▶ _Dataset entries_:
§ §

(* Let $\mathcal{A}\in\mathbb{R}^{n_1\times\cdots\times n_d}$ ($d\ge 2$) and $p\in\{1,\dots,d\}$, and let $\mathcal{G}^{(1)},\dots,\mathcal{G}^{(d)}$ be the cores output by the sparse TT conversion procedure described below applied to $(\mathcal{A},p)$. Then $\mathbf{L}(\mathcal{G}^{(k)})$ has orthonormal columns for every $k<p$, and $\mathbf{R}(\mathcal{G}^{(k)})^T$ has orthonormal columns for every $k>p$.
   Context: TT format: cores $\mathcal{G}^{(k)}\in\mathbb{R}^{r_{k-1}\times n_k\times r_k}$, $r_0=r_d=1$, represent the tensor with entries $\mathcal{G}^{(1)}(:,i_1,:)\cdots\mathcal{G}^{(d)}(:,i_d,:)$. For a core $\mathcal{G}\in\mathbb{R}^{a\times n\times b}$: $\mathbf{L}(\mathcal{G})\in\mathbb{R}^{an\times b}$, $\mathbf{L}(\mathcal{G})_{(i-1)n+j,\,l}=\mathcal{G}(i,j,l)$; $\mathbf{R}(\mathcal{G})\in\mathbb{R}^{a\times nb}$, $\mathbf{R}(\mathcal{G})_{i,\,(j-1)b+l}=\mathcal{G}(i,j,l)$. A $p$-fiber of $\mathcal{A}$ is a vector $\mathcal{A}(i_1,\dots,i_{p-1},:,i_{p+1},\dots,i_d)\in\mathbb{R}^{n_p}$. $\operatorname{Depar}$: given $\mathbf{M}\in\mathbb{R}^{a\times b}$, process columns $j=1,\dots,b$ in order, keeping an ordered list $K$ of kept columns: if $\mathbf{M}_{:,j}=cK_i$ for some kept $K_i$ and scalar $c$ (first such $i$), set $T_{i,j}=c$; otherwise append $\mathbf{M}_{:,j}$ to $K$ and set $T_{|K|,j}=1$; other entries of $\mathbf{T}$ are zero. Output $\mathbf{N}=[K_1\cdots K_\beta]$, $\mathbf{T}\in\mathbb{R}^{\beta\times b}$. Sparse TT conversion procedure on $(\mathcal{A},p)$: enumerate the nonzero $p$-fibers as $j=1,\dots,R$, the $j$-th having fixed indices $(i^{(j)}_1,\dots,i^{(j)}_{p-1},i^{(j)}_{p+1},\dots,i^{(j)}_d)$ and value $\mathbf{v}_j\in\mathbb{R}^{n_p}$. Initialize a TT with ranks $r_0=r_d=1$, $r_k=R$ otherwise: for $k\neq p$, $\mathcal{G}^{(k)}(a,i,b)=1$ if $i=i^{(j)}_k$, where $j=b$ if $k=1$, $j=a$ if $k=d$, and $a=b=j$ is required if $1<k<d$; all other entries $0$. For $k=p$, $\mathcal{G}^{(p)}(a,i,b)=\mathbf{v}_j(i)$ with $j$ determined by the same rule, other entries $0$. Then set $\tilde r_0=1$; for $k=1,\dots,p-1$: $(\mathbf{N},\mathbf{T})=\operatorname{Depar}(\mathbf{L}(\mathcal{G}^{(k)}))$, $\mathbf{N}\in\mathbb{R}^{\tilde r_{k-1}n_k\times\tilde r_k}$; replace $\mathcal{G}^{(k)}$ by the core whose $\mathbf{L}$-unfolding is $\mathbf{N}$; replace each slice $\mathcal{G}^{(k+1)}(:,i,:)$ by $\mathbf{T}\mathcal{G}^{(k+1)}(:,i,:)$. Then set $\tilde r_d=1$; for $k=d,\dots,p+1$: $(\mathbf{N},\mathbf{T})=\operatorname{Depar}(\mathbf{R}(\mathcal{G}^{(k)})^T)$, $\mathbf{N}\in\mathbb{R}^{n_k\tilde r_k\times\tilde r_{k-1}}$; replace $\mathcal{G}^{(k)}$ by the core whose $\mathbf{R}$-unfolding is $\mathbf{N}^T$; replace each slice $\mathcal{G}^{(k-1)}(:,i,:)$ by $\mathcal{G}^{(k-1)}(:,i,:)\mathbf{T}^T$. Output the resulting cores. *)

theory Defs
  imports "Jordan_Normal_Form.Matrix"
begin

§ §

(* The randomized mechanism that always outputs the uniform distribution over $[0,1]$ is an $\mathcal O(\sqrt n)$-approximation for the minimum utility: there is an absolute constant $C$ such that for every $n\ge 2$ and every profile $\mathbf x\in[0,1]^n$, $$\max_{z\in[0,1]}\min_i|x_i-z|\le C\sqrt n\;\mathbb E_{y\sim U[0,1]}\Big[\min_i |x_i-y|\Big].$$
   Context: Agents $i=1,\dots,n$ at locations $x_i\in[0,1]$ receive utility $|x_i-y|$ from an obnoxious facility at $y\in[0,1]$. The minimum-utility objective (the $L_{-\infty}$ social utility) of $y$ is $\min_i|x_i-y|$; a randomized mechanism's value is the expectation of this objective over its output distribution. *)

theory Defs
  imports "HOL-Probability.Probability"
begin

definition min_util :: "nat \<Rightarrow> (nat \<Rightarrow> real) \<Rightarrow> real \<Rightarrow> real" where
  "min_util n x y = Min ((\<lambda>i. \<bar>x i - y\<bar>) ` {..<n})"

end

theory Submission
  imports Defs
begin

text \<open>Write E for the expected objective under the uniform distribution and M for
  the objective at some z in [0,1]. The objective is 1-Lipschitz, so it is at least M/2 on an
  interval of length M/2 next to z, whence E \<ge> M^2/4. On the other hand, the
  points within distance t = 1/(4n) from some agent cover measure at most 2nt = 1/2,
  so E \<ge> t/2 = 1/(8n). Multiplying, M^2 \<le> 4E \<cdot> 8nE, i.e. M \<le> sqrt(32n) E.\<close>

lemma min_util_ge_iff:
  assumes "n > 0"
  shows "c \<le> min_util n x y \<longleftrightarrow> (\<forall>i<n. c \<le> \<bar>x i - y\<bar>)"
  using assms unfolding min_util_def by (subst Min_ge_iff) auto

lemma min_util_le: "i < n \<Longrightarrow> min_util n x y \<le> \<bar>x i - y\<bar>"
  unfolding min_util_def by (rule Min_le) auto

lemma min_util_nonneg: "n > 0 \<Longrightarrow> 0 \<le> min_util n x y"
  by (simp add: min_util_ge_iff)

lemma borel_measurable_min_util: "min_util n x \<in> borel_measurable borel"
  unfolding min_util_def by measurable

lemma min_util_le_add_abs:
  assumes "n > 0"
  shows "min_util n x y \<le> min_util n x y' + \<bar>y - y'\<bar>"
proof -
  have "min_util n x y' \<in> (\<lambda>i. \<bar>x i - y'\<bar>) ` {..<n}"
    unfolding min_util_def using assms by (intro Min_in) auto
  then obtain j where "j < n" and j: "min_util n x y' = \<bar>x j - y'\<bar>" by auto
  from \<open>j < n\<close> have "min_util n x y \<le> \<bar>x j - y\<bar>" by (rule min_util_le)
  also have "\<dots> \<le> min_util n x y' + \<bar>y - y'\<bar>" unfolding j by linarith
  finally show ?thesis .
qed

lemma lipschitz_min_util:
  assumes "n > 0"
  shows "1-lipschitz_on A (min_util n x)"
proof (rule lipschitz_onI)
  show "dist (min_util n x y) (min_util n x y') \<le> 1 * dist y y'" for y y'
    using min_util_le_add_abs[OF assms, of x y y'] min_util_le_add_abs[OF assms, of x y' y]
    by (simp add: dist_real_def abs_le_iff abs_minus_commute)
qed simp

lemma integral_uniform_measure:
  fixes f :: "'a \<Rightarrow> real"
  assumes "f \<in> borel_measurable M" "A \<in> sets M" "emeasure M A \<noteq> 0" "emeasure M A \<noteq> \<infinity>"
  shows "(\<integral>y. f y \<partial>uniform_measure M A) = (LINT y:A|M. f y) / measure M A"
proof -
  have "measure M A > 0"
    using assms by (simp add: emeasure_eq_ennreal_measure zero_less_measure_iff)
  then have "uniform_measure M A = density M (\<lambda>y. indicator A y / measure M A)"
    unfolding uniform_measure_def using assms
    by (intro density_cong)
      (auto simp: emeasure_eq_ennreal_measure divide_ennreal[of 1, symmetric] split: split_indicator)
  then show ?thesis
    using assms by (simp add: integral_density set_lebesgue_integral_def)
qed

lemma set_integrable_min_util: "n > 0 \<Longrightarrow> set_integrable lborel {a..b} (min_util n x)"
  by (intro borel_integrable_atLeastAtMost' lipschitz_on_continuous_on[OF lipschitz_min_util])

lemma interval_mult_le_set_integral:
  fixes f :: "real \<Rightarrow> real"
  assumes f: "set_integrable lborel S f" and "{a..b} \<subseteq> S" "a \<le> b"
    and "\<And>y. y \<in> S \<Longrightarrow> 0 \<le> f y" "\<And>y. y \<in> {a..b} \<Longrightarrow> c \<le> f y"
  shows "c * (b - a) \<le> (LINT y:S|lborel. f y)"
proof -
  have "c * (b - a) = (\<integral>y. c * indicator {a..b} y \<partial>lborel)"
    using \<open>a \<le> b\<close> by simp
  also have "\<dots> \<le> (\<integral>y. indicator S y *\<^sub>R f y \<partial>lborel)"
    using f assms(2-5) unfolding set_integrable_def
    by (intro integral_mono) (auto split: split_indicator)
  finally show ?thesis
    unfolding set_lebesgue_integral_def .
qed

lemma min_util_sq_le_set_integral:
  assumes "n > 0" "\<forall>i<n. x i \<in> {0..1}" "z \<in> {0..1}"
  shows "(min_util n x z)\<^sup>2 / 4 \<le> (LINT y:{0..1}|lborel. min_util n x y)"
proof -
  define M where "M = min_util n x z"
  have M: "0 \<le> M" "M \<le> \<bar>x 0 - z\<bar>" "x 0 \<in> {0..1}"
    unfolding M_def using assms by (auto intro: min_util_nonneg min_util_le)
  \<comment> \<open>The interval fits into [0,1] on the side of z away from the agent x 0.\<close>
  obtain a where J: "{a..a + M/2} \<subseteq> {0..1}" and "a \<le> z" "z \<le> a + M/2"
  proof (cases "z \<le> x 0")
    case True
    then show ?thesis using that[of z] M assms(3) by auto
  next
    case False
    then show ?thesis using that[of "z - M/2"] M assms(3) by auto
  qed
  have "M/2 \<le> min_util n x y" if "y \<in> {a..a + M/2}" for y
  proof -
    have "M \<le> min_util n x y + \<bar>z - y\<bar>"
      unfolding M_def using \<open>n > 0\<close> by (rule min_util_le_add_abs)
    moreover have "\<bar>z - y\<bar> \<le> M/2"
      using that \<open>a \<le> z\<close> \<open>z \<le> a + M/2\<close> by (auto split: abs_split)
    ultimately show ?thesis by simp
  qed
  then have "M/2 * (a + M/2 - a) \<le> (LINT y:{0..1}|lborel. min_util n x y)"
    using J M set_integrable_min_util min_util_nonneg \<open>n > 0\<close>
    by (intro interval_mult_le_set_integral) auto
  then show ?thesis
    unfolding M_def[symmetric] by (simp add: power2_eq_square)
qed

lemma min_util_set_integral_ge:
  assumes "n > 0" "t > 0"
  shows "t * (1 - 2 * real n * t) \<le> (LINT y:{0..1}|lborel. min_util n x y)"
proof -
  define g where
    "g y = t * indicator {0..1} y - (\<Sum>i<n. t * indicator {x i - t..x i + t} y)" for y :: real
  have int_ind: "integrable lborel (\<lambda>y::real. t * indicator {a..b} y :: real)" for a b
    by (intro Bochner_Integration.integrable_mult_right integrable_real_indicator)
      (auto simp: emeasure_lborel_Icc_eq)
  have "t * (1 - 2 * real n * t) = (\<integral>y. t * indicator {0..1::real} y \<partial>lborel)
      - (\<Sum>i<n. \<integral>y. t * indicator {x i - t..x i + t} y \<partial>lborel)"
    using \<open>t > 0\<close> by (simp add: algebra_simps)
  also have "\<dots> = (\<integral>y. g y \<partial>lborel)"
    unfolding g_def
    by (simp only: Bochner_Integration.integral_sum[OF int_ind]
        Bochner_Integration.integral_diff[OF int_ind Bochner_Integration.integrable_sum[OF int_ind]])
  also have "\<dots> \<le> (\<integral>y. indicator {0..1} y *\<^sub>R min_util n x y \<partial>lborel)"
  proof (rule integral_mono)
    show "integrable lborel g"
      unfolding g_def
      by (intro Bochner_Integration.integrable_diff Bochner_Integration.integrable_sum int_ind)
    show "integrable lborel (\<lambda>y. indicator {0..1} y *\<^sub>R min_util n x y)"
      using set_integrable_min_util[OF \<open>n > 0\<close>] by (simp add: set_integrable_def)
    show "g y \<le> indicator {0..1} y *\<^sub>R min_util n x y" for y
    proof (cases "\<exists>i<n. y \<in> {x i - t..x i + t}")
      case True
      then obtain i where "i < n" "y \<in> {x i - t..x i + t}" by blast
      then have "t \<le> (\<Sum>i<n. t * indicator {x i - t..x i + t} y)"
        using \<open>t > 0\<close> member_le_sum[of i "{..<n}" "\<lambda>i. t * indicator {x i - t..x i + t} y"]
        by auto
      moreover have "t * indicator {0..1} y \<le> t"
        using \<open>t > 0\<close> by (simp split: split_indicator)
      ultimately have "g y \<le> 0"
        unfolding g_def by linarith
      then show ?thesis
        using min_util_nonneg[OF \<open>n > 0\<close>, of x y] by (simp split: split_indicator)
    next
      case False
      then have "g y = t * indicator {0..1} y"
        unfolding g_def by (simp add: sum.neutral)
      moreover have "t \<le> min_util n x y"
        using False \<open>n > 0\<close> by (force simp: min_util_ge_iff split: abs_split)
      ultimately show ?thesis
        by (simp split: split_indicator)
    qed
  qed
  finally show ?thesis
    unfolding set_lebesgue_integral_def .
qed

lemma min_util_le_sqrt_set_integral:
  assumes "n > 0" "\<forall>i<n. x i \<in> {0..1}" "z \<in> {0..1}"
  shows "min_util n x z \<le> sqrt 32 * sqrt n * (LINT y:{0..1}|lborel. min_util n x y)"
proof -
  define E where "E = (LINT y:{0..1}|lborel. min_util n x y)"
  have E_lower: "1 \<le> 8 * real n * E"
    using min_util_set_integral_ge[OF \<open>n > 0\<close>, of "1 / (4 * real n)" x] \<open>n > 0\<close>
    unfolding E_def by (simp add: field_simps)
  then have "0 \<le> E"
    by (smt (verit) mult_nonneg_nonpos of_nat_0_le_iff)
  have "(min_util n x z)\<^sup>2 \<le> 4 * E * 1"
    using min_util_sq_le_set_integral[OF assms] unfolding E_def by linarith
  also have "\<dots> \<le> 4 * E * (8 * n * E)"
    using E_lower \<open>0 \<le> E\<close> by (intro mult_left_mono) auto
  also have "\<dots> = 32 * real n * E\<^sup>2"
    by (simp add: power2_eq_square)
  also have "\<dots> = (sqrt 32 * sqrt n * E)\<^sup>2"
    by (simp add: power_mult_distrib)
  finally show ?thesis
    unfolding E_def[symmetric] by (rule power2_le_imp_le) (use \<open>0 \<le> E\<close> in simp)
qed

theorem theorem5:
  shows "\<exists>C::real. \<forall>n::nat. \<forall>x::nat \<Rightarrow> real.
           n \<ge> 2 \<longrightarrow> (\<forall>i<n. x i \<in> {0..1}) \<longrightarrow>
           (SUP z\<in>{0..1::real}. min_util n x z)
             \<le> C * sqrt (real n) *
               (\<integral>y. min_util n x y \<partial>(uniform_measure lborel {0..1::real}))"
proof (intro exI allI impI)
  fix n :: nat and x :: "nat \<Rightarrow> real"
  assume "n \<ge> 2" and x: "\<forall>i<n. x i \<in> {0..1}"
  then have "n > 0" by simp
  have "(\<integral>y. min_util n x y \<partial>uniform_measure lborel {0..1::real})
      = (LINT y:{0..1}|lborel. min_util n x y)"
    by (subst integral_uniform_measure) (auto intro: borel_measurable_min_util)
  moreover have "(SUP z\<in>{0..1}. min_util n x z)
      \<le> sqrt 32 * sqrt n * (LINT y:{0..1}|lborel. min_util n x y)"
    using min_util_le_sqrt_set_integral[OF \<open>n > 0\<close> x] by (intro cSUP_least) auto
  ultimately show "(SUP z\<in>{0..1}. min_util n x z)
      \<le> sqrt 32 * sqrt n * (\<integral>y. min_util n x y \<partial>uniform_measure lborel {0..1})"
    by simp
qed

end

§ §

▶ _Problem to work on_: Taking the entries above, write out exactly each line from the one holding "then obtain j" to the one holding "a) = (\<integral>y.", both included, and stop there.

▶ _Answer below_:
  then obtain j where "j < n" and j: "min_util n x y' = \<bar>x j - y'\<bar>" by auto
  from \<open>j < n\<close> have "min_util n x y \<le> \<bar>x j - y\<bar>" by (rule min_util_le)
  also have "\<dots> \<le> min_util n x y' + \<bar>y - y'\<bar>" unfolding j by linarith
  finally show ?thesis .
qed

lemma lipschitz_min_util:
  assumes "n > 0"
  shows "1-lipschitz_on A (min_util n x)"
proof (rule lipschitz_onI)
  show "dist (min_util n x y) (min_util n x y') \<le> 1 * dist y y'" for y y'
    using min_util_le_add_abs[OF assms, of x y y'] min_util_le_add_abs[OF assms, of x y' y]
    by (simp add: dist_real_def abs_le_iff abs_minus_commute)
qed simp

lemma integral_uniform_measure:
  fixes f :: "'a \<Rightarrow> real"
  assumes "f \<in> borel_measurable M" "A \<in> sets M" "emeasure M A \<noteq> 0" "emeasure M A \<noteq> \<infinity>"
  shows "(\<integral>y. f y \<partial>uniform_measure M A) = (LINT y:A|M. f y) / measure M A"
proof -
  have "measure M A > 0"
    using assms by (simp add: emeasure_eq_ennreal_measure zero_less_measure_iff)
  then have "uniform_measure M A = density M (\<lambda>y. indicator A y / measure M A)"
    unfolding uniform_measure_def using assms
    by (intro density_cong)
      (auto simp: emeasure_eq_ennreal_measure divide_ennreal[of 1, symmetric] split: split_indicator)
  then show ?thesis
    using assms by (simp add: integral_density set_lebesgue_integral_def)
qed

lemma set_integrable_min_util: "n > 0 \<Longrightarrow> set_integrable lborel {a..b} (min_util n x)"
  by (intro borel_integrable_atLeastAtMost' lipschitz_on_continuous_on[OF lipschitz_min_util])

lemma interval_mult_le_set_integral:
  fixes f :: "real \<Rightarrow> real"
  assumes f: "set_integrable lborel S f" and "{a..b} \<subseteq> S" "a \<le> b"
    and "\<And>y. y \<in> S \<Longrightarrow> 0 \<le> f y" "\<And>y. y \<in> {a..b} \<Longrightarrow> c \<le> f y"
  shows "c * (b - a) \<le> (LINT y:S|lborel. f y)"
proof -
  have "c * (b - a) = (\<integral>y. c * indicator {a..b} y \<partial>lborel)"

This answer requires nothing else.